=== MATERIAL TO PROCESS ===

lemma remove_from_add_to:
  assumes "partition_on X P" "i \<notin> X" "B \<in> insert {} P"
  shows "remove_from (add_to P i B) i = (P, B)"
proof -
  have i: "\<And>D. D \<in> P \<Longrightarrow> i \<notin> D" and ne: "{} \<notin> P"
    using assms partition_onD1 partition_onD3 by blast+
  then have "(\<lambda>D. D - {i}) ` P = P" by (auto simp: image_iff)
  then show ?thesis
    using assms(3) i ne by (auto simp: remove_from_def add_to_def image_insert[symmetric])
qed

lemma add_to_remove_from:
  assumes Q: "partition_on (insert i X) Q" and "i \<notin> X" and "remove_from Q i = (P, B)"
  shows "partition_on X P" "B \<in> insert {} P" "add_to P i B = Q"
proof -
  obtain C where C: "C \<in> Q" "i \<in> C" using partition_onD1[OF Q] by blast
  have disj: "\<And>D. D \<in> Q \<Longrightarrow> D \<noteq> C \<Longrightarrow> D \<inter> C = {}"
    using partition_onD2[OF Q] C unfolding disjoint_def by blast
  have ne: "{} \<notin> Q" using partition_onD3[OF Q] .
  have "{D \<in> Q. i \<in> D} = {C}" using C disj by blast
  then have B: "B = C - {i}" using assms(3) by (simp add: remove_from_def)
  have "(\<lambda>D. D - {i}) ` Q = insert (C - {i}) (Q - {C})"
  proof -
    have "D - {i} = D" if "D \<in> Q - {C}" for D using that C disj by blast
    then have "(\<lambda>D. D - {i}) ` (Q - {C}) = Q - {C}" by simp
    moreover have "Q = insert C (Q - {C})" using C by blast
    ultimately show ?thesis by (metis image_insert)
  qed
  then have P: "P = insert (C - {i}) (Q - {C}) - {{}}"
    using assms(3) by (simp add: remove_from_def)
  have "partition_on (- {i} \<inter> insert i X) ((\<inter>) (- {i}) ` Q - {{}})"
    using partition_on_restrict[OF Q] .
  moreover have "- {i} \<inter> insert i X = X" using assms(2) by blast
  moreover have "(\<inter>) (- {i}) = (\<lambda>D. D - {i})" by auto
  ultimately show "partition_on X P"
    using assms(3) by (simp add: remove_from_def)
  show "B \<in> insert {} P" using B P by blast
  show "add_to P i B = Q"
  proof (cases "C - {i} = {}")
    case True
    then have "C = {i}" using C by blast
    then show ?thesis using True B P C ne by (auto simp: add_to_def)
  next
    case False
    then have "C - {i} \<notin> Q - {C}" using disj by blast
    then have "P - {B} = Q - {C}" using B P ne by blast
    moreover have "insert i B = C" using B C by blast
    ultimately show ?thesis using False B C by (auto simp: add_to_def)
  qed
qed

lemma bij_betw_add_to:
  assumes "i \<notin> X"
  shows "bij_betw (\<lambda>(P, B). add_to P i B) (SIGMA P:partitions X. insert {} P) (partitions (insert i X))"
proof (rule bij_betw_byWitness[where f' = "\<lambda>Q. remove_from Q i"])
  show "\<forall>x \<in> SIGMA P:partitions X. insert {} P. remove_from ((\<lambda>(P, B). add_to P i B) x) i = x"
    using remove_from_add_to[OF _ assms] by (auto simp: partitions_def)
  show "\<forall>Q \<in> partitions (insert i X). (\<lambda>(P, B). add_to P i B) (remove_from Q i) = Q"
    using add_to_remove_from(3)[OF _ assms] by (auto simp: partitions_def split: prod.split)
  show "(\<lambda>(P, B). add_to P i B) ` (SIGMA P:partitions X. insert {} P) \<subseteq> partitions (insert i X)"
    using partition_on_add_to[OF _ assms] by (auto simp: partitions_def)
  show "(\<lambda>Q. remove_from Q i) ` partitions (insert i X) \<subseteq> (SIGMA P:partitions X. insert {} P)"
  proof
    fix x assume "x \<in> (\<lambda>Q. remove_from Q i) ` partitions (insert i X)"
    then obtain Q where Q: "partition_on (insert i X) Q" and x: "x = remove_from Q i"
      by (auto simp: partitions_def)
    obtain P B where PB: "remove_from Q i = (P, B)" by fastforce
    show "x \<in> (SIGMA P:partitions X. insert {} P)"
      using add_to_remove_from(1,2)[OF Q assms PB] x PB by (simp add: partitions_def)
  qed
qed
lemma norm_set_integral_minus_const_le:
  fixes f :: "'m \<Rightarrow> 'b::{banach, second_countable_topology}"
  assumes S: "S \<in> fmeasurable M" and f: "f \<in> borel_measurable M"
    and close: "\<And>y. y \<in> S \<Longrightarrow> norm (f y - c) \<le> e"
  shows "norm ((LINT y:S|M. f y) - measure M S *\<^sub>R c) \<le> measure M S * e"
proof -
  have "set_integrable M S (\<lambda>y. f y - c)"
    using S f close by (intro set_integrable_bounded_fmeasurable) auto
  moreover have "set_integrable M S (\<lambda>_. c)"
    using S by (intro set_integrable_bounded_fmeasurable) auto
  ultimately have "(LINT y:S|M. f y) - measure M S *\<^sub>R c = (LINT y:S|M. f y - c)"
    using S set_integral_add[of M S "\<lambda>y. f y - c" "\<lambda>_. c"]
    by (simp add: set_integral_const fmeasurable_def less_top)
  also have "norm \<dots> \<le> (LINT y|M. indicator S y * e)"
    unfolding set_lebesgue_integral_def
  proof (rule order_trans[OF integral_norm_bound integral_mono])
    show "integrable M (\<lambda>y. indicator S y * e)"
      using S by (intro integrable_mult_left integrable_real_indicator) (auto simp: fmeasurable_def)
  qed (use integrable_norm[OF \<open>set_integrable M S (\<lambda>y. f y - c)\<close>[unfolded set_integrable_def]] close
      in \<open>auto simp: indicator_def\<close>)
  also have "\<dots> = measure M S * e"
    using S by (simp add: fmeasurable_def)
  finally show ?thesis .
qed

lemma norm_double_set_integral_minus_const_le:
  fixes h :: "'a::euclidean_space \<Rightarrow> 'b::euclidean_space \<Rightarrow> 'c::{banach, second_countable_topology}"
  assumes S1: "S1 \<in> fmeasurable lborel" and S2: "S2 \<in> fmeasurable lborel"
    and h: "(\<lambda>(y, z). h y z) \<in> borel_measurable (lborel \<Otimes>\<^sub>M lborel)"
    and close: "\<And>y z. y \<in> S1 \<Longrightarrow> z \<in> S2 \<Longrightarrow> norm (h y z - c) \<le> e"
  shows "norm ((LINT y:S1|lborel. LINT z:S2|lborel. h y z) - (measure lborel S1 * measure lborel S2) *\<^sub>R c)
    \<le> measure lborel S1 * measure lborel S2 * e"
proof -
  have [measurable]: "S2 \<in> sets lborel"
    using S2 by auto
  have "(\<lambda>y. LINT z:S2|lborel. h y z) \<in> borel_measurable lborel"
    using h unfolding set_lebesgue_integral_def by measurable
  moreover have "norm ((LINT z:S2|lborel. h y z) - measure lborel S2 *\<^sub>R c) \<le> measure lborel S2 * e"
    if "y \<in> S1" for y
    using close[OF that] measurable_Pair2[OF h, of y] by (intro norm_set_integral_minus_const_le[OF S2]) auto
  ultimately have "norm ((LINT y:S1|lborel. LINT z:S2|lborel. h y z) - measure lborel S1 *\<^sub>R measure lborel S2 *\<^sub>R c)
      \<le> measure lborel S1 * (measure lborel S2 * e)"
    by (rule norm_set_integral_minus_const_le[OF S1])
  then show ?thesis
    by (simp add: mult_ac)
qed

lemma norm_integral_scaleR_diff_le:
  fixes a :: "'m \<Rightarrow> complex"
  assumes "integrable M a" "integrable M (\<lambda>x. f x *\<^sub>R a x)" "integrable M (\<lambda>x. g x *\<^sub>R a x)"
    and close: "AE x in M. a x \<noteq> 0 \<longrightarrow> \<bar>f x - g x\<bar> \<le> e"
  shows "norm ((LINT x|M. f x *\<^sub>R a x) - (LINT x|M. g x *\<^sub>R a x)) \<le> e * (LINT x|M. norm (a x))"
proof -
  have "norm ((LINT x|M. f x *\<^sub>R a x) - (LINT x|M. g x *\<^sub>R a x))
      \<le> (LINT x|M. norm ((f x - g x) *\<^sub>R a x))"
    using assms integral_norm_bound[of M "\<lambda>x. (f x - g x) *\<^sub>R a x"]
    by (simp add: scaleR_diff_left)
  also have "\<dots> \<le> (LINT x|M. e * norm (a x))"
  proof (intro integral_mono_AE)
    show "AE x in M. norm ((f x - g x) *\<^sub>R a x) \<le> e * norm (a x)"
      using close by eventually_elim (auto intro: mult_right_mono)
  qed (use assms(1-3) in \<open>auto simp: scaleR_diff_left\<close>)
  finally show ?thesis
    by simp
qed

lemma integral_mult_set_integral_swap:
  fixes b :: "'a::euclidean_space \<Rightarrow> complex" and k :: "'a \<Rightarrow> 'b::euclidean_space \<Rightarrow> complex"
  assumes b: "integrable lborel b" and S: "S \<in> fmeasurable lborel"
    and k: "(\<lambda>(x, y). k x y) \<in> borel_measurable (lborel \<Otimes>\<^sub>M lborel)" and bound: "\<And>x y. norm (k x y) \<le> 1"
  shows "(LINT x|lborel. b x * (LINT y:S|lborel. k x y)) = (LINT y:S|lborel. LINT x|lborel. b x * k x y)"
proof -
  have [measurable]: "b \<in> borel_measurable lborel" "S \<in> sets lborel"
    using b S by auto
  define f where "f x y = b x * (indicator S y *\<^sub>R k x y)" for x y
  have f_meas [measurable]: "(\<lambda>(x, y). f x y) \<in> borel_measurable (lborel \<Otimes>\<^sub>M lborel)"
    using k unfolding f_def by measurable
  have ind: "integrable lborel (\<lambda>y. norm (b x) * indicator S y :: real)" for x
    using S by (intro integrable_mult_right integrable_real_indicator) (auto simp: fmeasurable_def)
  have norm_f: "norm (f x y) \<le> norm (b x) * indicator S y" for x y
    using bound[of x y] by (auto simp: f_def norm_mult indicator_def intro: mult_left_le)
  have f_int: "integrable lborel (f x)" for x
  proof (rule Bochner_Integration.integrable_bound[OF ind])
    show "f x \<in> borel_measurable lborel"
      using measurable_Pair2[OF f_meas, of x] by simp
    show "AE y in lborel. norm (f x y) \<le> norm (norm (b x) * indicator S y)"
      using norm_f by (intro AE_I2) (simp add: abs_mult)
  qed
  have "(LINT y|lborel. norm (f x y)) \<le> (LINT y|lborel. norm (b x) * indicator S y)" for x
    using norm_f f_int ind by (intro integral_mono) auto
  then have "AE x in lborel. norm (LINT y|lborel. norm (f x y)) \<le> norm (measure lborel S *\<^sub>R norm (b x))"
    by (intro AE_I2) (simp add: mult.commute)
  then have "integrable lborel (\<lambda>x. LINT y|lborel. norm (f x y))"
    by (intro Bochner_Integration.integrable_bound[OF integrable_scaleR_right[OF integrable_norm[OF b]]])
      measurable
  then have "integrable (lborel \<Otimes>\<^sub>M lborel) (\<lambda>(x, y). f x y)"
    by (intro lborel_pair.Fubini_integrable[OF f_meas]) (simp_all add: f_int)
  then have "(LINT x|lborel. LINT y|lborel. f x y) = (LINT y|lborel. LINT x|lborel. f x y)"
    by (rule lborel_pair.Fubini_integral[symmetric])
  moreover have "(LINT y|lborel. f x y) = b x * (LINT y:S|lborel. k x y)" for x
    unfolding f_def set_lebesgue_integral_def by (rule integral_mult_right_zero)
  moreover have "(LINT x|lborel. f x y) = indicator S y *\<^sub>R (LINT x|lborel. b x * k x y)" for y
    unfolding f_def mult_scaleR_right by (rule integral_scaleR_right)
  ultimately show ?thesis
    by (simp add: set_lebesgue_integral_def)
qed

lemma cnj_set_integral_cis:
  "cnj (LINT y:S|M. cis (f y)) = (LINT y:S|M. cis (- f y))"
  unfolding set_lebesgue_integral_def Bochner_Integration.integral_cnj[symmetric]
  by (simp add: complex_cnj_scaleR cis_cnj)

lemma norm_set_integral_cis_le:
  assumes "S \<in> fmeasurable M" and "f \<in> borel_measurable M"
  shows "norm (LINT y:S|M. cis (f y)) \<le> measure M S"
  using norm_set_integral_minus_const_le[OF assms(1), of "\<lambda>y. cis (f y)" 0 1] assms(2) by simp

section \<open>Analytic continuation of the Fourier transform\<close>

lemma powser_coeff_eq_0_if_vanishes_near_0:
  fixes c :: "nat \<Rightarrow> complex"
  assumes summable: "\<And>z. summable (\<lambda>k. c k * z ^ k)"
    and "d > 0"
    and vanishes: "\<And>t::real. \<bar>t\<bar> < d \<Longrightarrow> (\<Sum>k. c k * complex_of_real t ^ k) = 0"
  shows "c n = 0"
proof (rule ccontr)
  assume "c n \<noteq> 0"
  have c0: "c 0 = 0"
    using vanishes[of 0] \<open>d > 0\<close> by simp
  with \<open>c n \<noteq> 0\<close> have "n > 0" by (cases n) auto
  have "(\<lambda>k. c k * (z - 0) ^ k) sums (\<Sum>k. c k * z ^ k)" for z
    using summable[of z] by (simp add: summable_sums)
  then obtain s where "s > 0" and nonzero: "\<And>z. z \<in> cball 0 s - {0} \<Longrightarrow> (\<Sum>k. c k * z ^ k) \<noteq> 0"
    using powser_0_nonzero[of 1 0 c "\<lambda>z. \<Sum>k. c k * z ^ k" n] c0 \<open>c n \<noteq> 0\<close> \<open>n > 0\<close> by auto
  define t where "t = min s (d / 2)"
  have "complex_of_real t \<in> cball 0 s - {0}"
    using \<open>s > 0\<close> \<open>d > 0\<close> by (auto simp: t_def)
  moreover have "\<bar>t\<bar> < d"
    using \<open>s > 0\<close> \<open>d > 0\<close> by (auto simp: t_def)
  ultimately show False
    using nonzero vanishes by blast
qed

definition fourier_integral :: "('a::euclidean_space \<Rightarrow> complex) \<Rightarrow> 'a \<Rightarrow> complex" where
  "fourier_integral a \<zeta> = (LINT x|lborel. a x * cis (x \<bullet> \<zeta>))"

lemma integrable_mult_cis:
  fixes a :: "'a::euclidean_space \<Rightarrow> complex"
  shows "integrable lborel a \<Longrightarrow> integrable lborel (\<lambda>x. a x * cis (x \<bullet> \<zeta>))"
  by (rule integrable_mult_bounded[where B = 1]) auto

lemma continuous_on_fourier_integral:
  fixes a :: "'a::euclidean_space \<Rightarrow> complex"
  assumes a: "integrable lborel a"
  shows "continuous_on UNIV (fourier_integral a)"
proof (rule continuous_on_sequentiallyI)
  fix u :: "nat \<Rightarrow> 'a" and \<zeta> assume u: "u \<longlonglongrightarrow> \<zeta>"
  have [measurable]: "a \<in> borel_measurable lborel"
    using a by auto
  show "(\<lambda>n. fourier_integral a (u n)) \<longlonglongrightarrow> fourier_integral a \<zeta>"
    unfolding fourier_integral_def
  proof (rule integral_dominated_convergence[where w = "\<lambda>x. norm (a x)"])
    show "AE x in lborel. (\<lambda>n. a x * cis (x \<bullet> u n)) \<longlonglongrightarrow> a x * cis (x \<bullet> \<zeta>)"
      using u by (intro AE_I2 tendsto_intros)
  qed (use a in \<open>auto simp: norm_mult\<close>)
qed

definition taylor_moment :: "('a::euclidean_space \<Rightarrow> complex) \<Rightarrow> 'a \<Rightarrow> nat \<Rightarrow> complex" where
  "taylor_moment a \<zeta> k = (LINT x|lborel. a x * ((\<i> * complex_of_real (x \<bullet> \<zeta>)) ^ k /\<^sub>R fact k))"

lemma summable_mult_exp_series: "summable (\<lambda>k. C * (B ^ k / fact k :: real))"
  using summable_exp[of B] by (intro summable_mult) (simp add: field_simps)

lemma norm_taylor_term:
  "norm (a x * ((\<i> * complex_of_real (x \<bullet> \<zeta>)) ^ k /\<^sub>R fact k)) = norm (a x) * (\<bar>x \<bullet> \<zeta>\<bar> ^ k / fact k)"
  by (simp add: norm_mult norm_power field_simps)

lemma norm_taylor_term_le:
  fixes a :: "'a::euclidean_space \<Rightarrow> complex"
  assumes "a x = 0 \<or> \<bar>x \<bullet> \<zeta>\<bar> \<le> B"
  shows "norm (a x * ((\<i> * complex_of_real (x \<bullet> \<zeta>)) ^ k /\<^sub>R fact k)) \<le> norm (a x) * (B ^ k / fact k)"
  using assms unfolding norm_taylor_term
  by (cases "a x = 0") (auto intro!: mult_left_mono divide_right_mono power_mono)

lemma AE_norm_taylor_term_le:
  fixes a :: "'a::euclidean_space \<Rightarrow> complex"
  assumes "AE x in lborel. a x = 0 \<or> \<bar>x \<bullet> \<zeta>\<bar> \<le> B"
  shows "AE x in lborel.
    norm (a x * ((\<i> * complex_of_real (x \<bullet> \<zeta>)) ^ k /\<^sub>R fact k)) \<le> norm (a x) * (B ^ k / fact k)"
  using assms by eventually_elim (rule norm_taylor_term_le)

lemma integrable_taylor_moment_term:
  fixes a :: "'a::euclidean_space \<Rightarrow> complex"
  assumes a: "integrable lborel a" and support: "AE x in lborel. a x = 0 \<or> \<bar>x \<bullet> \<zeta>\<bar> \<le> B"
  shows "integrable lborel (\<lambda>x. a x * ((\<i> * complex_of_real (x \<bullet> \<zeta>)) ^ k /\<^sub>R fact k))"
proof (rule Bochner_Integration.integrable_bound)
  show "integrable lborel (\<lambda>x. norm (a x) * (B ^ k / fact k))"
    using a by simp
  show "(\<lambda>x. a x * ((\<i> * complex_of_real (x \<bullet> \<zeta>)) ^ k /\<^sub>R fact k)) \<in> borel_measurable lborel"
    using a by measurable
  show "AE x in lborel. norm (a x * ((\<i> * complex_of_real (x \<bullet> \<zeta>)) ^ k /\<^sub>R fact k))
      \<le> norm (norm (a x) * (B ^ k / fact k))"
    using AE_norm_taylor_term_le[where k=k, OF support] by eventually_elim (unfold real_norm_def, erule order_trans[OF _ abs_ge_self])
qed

===

• WHAT TO DO
Considering only the data above, return the lines in which "finally" occurs.

• SOLUTION TO THE PROBLEM
  finally show ?thesis .
  finally show ?thesis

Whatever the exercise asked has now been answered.